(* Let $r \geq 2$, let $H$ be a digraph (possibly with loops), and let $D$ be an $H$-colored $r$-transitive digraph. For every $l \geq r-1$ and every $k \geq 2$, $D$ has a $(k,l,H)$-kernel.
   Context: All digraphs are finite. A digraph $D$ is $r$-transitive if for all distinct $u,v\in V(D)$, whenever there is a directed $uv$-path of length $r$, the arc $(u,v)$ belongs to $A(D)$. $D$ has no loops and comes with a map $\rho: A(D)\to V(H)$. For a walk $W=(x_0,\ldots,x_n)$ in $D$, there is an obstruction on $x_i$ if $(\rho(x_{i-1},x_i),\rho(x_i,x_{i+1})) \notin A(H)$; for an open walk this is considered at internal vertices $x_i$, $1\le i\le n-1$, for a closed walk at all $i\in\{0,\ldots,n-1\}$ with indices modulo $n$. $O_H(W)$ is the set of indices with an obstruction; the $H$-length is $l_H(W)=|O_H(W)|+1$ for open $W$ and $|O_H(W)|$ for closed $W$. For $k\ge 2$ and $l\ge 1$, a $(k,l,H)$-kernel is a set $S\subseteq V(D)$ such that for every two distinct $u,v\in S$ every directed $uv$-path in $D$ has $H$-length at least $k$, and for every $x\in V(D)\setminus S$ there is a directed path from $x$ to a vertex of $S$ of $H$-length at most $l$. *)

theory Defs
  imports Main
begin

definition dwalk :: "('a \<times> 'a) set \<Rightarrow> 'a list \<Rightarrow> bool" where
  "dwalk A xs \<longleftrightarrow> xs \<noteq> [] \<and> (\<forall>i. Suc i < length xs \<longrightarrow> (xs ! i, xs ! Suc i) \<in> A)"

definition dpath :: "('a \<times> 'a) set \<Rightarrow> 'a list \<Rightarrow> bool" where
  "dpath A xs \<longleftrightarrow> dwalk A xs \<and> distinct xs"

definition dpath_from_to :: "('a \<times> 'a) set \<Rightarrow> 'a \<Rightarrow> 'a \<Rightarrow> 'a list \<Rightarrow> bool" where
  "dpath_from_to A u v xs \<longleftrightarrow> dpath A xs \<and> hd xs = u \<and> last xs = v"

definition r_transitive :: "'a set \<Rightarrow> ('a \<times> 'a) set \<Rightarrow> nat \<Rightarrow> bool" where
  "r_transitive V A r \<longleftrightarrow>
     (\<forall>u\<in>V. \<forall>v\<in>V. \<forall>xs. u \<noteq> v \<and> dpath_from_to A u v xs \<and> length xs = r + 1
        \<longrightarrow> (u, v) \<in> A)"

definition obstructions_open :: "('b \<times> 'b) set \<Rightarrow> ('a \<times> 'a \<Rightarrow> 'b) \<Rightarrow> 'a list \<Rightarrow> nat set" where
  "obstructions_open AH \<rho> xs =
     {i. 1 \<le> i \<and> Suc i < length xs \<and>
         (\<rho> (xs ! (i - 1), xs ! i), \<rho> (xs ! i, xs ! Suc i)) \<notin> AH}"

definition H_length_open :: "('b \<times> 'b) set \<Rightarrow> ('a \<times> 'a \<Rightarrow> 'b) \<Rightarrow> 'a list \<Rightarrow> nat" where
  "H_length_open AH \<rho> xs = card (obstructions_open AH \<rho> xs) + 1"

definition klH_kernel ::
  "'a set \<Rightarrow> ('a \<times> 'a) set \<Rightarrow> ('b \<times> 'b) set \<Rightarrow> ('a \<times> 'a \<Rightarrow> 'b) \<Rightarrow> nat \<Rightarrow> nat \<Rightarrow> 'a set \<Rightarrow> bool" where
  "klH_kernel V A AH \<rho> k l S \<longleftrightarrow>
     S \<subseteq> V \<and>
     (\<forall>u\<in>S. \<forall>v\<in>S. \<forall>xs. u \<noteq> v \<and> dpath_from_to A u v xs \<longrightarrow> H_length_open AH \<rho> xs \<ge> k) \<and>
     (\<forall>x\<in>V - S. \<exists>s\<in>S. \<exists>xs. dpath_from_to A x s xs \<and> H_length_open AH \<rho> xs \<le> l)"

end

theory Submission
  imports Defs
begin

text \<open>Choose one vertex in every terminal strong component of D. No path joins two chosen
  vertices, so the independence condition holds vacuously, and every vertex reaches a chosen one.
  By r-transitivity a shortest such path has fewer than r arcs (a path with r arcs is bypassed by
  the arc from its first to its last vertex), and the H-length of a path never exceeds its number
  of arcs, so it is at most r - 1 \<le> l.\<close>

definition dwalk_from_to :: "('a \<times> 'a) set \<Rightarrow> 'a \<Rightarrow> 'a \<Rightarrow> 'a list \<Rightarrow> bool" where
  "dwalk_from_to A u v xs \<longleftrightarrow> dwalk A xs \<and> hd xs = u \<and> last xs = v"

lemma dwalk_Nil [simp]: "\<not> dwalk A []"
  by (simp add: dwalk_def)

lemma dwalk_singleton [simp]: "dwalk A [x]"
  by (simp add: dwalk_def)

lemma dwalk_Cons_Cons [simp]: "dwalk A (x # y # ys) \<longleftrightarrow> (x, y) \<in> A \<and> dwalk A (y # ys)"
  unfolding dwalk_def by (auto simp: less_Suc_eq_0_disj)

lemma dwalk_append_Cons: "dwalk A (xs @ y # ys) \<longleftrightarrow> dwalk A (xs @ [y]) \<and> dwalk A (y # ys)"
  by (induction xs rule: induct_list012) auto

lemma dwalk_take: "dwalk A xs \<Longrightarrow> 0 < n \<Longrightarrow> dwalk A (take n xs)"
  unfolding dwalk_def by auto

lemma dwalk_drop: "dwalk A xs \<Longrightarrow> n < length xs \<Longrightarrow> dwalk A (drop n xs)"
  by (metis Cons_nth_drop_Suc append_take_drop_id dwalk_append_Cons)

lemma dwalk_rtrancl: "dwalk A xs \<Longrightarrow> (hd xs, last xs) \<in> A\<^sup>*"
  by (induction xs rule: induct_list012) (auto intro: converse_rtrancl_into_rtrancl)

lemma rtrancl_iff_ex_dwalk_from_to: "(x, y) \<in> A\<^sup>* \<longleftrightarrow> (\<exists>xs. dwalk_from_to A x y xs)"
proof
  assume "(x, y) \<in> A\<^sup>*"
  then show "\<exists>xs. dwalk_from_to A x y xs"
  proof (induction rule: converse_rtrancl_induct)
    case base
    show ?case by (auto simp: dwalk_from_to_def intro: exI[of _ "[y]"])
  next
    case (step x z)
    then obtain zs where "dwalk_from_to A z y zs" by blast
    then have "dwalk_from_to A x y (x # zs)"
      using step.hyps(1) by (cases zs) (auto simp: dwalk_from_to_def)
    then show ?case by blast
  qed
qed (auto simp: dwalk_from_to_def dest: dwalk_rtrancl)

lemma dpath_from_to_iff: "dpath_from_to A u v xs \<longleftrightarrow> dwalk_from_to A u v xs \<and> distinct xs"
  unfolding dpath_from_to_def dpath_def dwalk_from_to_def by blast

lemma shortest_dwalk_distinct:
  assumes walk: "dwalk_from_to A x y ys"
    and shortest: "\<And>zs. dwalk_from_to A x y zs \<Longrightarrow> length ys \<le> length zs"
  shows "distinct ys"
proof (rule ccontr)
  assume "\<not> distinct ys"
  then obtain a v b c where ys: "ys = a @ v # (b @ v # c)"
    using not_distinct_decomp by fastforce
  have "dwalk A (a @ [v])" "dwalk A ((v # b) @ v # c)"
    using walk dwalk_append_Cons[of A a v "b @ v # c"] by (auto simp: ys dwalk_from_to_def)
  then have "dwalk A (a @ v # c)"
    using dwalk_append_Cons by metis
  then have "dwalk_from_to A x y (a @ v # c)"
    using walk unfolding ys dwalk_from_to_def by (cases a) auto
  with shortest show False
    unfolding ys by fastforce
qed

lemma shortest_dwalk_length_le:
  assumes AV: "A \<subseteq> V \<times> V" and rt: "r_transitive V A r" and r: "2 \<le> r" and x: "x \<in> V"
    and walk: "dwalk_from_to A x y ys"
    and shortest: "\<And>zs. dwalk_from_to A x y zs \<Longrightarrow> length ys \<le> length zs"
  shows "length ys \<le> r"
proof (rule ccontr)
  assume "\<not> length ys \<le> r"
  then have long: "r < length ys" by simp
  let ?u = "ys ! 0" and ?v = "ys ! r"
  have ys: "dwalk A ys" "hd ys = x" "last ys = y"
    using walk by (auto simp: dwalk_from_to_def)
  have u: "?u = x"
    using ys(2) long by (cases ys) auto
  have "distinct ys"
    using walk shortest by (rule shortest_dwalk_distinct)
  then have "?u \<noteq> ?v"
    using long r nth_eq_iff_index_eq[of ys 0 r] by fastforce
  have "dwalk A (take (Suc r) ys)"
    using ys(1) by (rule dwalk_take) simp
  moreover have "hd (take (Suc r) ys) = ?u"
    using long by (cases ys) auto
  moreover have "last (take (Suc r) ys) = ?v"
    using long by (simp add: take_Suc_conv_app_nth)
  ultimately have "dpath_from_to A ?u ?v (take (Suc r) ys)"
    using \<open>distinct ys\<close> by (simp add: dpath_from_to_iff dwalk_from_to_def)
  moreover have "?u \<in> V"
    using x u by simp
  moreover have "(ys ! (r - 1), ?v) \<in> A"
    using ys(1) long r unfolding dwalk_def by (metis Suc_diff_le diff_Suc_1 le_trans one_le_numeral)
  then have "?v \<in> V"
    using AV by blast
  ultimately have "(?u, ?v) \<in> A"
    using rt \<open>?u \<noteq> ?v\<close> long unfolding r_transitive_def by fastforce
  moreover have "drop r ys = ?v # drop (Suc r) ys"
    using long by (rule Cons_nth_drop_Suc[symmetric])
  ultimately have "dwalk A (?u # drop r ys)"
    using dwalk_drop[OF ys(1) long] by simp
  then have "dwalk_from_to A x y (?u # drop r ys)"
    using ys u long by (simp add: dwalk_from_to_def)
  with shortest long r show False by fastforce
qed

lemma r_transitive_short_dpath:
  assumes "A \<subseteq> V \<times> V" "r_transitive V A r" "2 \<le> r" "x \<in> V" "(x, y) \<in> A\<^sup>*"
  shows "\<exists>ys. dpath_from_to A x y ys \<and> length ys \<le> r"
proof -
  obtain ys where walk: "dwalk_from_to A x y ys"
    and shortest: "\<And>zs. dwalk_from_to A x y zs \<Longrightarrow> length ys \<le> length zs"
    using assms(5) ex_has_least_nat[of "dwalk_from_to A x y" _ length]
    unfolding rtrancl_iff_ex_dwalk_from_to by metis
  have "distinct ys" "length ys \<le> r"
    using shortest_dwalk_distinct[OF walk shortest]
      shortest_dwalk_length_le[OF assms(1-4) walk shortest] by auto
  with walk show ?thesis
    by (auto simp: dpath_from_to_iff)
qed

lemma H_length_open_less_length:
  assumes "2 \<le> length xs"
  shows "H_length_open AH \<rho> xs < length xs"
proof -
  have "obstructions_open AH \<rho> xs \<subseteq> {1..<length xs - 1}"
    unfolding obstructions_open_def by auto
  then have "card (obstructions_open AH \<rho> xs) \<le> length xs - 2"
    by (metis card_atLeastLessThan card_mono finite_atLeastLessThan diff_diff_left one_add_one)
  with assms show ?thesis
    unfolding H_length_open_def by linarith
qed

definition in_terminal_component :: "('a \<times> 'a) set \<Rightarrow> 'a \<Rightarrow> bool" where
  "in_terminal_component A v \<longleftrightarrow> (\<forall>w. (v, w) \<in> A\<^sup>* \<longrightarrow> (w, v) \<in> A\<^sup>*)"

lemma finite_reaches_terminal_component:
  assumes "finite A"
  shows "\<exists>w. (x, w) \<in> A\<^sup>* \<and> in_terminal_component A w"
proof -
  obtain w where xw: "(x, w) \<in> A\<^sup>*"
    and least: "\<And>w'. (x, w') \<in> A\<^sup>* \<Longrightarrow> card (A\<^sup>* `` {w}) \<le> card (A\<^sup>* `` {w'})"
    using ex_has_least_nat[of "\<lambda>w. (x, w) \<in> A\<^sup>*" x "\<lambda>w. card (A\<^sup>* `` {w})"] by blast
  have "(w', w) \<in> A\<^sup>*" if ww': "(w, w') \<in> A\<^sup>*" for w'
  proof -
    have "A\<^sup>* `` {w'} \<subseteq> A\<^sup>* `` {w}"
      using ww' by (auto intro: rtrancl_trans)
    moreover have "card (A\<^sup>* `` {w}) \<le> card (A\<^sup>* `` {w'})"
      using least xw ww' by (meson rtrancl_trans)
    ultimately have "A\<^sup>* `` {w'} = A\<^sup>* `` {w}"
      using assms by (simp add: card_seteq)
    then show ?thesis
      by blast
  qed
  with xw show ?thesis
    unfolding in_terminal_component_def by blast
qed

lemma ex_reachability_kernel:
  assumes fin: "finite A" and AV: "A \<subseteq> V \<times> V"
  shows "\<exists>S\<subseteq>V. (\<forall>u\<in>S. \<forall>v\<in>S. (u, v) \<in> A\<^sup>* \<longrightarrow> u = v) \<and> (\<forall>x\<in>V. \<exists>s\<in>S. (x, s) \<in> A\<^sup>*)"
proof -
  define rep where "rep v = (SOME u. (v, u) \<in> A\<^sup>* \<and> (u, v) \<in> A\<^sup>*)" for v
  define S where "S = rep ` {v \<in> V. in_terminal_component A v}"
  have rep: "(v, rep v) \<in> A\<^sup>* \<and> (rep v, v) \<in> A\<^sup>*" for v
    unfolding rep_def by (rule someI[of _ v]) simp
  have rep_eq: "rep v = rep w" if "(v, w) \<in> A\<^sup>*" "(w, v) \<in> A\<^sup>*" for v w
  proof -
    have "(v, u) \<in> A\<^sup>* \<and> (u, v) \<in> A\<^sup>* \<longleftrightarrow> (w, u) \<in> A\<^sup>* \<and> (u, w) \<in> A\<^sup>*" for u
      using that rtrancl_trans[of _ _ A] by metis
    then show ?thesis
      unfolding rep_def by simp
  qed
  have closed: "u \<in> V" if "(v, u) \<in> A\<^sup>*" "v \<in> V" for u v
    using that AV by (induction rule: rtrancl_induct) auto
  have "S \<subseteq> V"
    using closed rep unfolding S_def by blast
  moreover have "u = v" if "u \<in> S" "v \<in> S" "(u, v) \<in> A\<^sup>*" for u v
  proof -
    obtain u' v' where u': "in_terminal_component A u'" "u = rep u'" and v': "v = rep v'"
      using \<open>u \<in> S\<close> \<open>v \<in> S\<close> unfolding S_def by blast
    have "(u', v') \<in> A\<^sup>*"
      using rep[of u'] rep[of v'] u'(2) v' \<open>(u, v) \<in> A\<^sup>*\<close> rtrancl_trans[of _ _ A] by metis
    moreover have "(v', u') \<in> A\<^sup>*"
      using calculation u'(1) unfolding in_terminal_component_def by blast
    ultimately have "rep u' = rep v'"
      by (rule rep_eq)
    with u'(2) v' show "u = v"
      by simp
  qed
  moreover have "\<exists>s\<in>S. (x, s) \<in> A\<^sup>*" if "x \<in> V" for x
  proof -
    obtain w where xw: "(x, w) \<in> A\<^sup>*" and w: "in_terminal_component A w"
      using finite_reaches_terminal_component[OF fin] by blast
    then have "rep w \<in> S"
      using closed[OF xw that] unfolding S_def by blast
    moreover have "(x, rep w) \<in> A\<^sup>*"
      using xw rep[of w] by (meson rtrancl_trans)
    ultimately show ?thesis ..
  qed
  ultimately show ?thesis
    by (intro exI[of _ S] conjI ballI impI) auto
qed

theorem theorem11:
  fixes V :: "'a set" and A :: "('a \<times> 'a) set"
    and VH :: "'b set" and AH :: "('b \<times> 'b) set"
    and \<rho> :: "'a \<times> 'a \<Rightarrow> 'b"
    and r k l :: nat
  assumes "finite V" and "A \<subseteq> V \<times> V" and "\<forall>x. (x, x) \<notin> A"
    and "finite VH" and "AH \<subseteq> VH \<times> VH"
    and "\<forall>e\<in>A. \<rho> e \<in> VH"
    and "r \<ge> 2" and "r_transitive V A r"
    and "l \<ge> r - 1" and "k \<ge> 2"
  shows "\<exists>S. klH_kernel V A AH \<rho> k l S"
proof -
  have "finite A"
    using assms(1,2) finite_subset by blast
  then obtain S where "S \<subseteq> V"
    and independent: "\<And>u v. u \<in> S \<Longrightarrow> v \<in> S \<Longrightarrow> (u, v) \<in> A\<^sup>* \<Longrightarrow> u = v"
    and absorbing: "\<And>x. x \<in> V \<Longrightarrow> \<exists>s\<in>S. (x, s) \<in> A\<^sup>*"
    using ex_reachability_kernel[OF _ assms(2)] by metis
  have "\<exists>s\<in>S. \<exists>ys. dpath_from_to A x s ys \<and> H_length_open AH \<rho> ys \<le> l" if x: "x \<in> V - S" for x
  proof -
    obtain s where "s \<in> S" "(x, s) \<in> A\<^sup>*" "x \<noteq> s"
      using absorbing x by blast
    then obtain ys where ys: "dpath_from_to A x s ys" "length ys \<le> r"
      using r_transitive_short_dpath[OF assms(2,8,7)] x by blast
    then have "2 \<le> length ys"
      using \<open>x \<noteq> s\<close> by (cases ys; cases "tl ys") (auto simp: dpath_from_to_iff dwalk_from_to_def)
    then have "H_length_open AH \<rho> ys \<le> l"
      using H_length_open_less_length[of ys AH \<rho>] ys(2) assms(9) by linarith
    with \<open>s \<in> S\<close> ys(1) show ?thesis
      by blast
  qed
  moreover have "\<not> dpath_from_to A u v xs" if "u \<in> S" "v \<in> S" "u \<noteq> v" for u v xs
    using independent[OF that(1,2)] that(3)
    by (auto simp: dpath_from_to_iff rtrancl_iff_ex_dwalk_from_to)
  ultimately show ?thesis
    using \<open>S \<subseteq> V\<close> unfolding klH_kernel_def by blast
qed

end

_ _ _ _ _ _ _

Copy each line of the preceding data that contains the string "forall".

## Completed task:
  "dwalk A xs \<longleftrightarrow> xs \<noteq> [] \<and> (\<forall>i. Suc i < length xs \<longrightarrow> (xs ! i, xs ! Suc i) \<in> A)"
     (\<forall>u\<in>V. \<forall>v\<in>V. \<forall>xs. u \<noteq> v \<and> dpath_from_to A u v xs \<and> length xs = r + 1
     (\<forall>u\<in>S. \<forall>v\<in>S. \<forall>xs. u \<noteq> v \<and> dpath_from_to A u v xs \<longrightarrow> H_length_open AH \<rho> xs \<ge> k) \<and>
     (\<forall>x\<in>V - S. \<exists>s\<in>S. \<exists>xs. dpath_from_to A x s xs \<and> H_length_open AH \<rho> xs \<le> l)"
  "in_terminal_component A v \<longleftrightarrow> (\<forall>w. (v, w) \<in> A\<^sup>* \<longrightarrow> (w, v) \<in> A\<^sup>*)"
  shows "\<exists>S\<subseteq>V. (\<forall>u\<in>S. \<forall>v\<in>S. (u, v) \<in> A\<^sup>* \<longrightarrow> u = v) \<and> (\<forall>x\<in>V. \<exists>s\<in>S. (x, s) \<in> A\<^sup>*)"
  assumes "finite V" and "A \<subseteq> V \<times> V" and "\<forall>x. (x, x) \<notin> A"
    and "\<forall>e\<in>A. \<rho> e \<in> VH"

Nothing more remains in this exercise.